### Work required
From the first line through the line containing "x = x) \<and>", transcribe the records exactly and include no other lines.

━━━━━━━━━━━━━━━━━━━━━━━━━━━━━━

(* Let $h\in\mathcal F(X)$. Then $h\diamond(f+g)=h\diamond f+h\diamond g$ holds for all $f,g\in\mathcal F(X)$ if and only if $h$ is skew convex.
   Context: Let $K$ be a skew field, $K^*=K\setminus\{0\}$, and let $X$ be a nonempty set on which $K^*$ acts on the left, written $(a,x)\mapsto{}^{a}x$. $\mathcal F(X)$ is the set of all functions $X\to K$ with pointwise addition; the constant function with value $a\in K$ is denoted $a$. The skew product of $f,g\in\mathcal F(X)$ is $(f\diamond g)(x)=f({}^{g(x)}x)\,g(x)$ if $g(x)\neq0$ and $0$ if $g(x)=0$. A function $f\in\mathcal F(X)$ is skew convex if $f\diamond(a+b)=f\diamond a+f\diamond b$ for all $a,b\in K$ (viewed as constant functions). *)

theory Defs
  imports Main
begin

definition left_action :: "('k::division_ring \<Rightarrow> 'x \<Rightarrow> 'x) \<Rightarrow> bool" where
  "left_action act \<longleftrightarrow> (\<forall>x. act 1 x = x) \<and>
     (\<forall>a b x. a \<noteq> 0 \<longrightarrow> b \<noteq> 0 \<longrightarrow> act (a * b) x = act a (act b x))"

definition skew_prod ::
  "('k::division_ring \<Rightarrow> 'x \<Rightarrow> 'x) \<Rightarrow> ('x \<Rightarrow> 'k) \<Rightarrow> ('x \<Rightarrow> 'k) \<Rightarrow> 'x \<Rightarrow> 'k" where
  "skew_prod act f g = (\<lambda>x. if g x = 0 then 0 else f (act (g x) x) * g x)"

definition skew_convex :: "('k::division_ring \<Rightarrow> 'x \<Rightarrow> 'x) \<Rightarrow> ('x \<Rightarrow> 'k) \<Rightarrow> bool" where
  "skew_convex act f \<longleftrightarrow> (\<forall>a b. skew_prod act f (\<lambda>_. a + b) =
       (\<lambda>x. skew_prod act f (\<lambda>_. a) x + skew_prod act f (\<lambda>_. b) x))"

end

theory Submission
  imports Defs
begin

text \<open>The value of h \<diamond> f at x depends only on f x, so additivity in the right argument
  reduces to additivity against constant functions.\<close>

lemma skew_prod_eq_const_at:
  "skew_prod act h f x = skew_prod act h (\<lambda>_. f x) x"
  by (simp add: skew_prod_def)

lemma skew_convexD:
  assumes "skew_convex act h"
  shows "skew_prod act h (\<lambda>_. a + b) x =
           skew_prod act h (\<lambda>_. a) x + skew_prod act h (\<lambda>_. b) x"
  using assms unfolding skew_convex_def by simp

lemma skew_prod_add_right:
  assumes "skew_convex act h"
  shows "skew_prod act h (\<lambda>x. f x + g x) = (\<lambda>x. skew_prod act h f x + skew_prod act h g x)"
proof
  fix x
  have "skew_prod act h (\<lambda>x. f x + g x) x = skew_prod act h (\<lambda>_. f x + g x) x"
    by (rule skew_prod_eq_const_at)
  also have "\<dots> = skew_prod act h (\<lambda>_. f x) x + skew_prod act h (\<lambda>_. g x) x"
    using assms by (rule skew_convexD)
  also have "\<dots> = skew_prod act h f x + skew_prod act h g x"
    by (simp only: skew_prod_eq_const_at[symmetric])
  finally show "skew_prod act h (\<lambda>x. f x + g x) x = skew_prod act h f x + skew_prod act h g x" .
qed

theorem lemma2p3:
  fixes act :: "'k::division_ring \<Rightarrow> 'x \<Rightarrow> 'x" and h :: "'x \<Rightarrow> 'k"
  assumes "left_action act"
  shows "(\<forall>f g. skew_prod act h (\<lambda>x. f x + g x) =
            (\<lambda>x. skew_prod act h f x + skew_prod act h g x))
         \<longleftrightarrow> skew_convex act h"
proof
  assume "\<forall>f g. skew_prod act h (\<lambda>x. f x + g x) =
            (\<lambda>x. skew_prod act h f x + skew_prod act h g x)"
  then show "skew_convex act h"
    unfolding skew_convex_def by simp
qed (simp add: skew_prod_add_right)
end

━━━━━━━━━━━━━━━━━━━━━━━━━━━━━━

### Result
(* Let $h\in\mathcal F(X)$. Then $h\diamond(f+g)=h\diamond f+h\diamond g$ holds for all $f,g\in\mathcal F(X)$ if and only if $h$ is skew convex.
   Context: Let $K$ be a skew field, $K^*=K\setminus\{0\}$, and let $X$ be a nonempty set on which $K^*$ acts on the left, written $(a,x)\mapsto{}^{a}x$. $\mathcal F(X)$ is the set of all functions $X\to K$ with pointwise addition; the constant function with value $a\in K$ is denoted $a$. The skew product of $f,g\in\mathcal F(X)$ is $(f\diamond g)(x)=f({}^{g(x)}x)\,g(x)$ if $g(x)\neq0$ and $0$ if $g(x)=0$. A function $f\in\mathcal F(X)$ is skew convex if $f\diamond(a+b)=f\diamond a+f\diamond b$ for all $a,b\in K$ (viewed as constant functions). *)

theory Defs
  imports Main
begin

definition left_action :: "('k::division_ring \<Rightarrow> 'x \<Rightarrow> 'x) \<Rightarrow> bool" where
  "left_action act \<longleftrightarrow> (\<forall>x. act 1 x = x) \<and>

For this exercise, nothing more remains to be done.